> [EXERCISE DIRECTIONS]: The lines from the start of the data through the line with "x) \<partial>sphere_surface) = ennreal (2" are to be returned verbatim; all later lines are to be omitted.

> [Stored items from a collection]:

-- -- --

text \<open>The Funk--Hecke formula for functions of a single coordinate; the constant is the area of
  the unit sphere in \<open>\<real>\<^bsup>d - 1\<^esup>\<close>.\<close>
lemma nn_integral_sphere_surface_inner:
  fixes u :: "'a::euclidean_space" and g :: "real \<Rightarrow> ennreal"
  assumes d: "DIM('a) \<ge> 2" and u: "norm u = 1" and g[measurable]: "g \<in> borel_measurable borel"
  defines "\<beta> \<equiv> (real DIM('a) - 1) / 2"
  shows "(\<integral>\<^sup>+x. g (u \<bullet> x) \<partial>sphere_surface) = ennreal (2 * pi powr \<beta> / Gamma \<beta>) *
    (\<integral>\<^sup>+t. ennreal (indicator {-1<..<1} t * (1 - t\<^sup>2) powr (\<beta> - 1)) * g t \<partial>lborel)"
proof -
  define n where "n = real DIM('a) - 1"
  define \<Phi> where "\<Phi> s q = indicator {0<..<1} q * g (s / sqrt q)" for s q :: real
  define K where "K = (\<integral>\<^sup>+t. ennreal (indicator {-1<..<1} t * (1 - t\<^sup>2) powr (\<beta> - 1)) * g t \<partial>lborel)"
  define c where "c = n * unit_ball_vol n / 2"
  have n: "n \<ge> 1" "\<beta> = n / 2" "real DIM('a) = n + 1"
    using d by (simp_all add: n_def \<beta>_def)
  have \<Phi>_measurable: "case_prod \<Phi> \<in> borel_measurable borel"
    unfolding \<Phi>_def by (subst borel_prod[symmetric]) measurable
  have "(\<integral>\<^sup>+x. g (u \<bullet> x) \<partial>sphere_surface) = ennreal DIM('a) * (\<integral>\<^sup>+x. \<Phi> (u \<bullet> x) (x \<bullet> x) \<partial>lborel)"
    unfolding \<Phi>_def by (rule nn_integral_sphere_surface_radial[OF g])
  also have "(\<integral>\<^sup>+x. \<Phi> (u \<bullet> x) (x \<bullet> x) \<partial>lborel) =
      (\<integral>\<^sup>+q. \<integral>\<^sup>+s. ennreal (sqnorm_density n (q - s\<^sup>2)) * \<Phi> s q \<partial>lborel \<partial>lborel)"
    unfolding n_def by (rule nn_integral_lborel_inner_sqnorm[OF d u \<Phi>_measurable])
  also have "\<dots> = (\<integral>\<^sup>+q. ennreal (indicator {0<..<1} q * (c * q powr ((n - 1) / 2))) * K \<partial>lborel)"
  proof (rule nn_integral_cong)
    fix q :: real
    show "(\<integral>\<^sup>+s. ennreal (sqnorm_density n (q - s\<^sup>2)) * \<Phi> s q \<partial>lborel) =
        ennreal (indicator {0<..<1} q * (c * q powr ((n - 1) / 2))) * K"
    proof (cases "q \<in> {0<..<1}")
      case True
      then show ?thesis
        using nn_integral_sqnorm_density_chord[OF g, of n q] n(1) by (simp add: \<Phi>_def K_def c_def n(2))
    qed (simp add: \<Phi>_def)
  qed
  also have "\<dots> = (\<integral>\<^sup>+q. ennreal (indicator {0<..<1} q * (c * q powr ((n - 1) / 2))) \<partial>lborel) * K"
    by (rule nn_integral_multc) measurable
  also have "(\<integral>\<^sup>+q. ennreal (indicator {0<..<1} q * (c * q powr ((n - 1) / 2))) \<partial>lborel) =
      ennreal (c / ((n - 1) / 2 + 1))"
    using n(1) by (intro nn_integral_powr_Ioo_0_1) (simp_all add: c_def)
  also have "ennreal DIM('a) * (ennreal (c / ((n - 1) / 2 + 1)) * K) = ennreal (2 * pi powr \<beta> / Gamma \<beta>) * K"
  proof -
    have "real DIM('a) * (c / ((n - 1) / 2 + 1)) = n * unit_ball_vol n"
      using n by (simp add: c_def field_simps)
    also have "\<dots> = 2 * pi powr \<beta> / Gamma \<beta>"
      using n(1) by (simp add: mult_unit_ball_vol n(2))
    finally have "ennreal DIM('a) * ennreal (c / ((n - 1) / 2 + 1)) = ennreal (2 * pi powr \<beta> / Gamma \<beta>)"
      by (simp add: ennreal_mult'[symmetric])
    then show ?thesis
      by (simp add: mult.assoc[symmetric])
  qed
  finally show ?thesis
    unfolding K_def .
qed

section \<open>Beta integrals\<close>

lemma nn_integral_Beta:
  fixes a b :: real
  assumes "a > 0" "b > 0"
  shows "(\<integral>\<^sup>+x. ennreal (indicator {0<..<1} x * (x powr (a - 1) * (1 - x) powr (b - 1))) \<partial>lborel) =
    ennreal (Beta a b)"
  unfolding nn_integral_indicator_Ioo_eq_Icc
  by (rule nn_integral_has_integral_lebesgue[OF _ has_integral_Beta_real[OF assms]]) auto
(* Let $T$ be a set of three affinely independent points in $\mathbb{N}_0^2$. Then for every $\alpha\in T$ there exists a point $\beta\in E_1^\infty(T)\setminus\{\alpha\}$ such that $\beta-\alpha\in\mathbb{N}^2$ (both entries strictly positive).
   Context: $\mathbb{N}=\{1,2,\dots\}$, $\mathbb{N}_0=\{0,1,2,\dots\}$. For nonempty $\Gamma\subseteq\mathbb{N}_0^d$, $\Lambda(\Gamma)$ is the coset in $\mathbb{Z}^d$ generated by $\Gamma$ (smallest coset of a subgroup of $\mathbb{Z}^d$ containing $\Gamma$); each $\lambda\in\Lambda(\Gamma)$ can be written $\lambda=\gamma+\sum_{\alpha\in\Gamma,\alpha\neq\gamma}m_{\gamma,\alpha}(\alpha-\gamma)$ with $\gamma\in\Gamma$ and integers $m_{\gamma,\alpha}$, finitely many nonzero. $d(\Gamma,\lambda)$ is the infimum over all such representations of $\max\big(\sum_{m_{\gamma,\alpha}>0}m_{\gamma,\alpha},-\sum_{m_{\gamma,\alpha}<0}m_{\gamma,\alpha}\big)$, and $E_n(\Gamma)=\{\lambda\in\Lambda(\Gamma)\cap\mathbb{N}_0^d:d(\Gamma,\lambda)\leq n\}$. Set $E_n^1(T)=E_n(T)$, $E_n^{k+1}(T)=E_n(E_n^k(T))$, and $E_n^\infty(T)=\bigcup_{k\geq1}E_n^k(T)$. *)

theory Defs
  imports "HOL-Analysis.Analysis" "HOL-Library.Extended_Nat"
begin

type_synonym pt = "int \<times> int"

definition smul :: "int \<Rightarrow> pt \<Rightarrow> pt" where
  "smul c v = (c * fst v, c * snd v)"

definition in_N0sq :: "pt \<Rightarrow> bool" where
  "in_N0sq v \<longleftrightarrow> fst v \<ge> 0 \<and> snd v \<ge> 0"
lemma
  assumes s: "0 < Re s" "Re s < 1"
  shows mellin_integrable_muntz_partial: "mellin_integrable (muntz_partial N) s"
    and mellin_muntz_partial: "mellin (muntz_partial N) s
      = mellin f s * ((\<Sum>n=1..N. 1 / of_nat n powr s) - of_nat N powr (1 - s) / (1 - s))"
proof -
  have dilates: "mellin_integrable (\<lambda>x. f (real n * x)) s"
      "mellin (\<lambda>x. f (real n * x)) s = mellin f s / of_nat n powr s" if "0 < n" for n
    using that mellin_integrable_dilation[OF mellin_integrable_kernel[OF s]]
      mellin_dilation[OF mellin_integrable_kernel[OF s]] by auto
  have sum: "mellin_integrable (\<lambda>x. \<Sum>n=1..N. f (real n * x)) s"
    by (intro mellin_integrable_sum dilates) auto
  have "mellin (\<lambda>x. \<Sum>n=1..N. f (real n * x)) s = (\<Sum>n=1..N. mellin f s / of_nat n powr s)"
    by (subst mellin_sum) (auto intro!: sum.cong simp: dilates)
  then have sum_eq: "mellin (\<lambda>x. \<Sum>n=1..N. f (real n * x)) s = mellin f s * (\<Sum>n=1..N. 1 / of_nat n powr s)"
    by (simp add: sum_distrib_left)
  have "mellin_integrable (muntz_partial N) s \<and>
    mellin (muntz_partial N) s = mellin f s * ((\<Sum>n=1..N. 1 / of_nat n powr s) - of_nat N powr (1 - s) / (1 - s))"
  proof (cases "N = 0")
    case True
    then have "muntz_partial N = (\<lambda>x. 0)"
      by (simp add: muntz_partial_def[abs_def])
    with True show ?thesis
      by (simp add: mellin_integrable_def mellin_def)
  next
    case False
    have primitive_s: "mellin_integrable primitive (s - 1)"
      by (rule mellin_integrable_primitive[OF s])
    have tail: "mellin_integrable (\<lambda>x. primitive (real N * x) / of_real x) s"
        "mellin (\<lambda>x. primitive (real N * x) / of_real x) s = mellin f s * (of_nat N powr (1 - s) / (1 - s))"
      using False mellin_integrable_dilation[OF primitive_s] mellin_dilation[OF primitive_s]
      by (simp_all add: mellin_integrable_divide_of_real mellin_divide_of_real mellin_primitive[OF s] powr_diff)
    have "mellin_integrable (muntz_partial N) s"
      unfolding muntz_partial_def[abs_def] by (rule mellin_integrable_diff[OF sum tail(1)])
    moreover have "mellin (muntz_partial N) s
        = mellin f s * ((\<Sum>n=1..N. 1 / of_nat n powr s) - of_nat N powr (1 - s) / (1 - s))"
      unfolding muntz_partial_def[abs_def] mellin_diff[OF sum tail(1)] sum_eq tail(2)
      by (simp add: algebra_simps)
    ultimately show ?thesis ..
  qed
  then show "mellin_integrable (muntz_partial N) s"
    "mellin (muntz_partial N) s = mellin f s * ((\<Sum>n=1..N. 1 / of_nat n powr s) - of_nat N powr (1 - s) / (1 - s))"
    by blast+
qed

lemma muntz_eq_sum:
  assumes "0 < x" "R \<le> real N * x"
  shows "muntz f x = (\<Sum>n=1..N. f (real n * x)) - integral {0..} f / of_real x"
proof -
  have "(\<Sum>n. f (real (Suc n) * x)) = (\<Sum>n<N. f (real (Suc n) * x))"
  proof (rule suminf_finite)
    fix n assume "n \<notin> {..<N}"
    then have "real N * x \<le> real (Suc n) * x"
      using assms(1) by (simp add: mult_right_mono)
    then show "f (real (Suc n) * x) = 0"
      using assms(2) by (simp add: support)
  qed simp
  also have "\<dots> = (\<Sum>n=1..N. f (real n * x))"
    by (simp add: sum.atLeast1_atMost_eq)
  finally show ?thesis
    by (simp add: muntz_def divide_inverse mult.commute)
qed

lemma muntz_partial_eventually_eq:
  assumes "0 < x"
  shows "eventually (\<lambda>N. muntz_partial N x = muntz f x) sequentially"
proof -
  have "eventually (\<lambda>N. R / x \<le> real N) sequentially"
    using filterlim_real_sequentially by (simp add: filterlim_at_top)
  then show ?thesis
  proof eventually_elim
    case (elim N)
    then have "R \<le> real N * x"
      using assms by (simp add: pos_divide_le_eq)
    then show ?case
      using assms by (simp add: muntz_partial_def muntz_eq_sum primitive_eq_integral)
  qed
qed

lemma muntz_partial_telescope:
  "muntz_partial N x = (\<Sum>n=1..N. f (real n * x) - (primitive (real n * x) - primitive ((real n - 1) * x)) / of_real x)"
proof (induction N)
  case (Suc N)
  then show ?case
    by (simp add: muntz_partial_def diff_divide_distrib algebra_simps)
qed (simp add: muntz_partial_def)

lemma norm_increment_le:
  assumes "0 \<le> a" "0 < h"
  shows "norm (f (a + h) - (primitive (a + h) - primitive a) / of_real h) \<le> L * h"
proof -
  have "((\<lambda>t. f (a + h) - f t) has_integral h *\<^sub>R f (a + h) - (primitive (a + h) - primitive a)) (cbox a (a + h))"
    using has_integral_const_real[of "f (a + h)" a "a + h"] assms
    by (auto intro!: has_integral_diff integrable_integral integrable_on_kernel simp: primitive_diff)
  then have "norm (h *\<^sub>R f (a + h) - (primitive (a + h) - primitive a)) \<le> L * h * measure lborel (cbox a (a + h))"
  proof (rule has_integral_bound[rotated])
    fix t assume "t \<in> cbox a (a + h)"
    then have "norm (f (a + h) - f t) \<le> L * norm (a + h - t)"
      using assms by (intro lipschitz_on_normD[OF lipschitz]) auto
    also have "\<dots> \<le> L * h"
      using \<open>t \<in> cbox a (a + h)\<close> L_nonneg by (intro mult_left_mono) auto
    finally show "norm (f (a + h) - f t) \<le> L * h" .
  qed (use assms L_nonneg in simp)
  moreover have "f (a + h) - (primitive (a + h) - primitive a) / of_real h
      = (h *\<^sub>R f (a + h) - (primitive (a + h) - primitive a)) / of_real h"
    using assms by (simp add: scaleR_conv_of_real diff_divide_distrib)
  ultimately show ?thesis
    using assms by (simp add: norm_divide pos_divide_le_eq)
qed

-- -- --

> [RESPONSE]:
text \<open>The Funk--Hecke formula for functions of a single coordinate; the constant is the area of
  the unit sphere in \<open>\<real>\<^bsup>d - 1\<^esup>\<close>.\<close>
lemma nn_integral_sphere_surface_inner:
  fixes u :: "'a::euclidean_space" and g :: "real \<Rightarrow> ennreal"
  assumes d: "DIM('a) \<ge> 2" and u: "norm u = 1" and g[measurable]: "g \<in> borel_measurable borel"
  defines "\<beta> \<equiv> (real DIM('a) - 1) / 2"
  shows "(\<integral>\<^sup>+x. g (u \<bullet> x) \<partial>sphere_surface) = ennreal (2 * pi powr \<beta> / Gamma \<beta>) *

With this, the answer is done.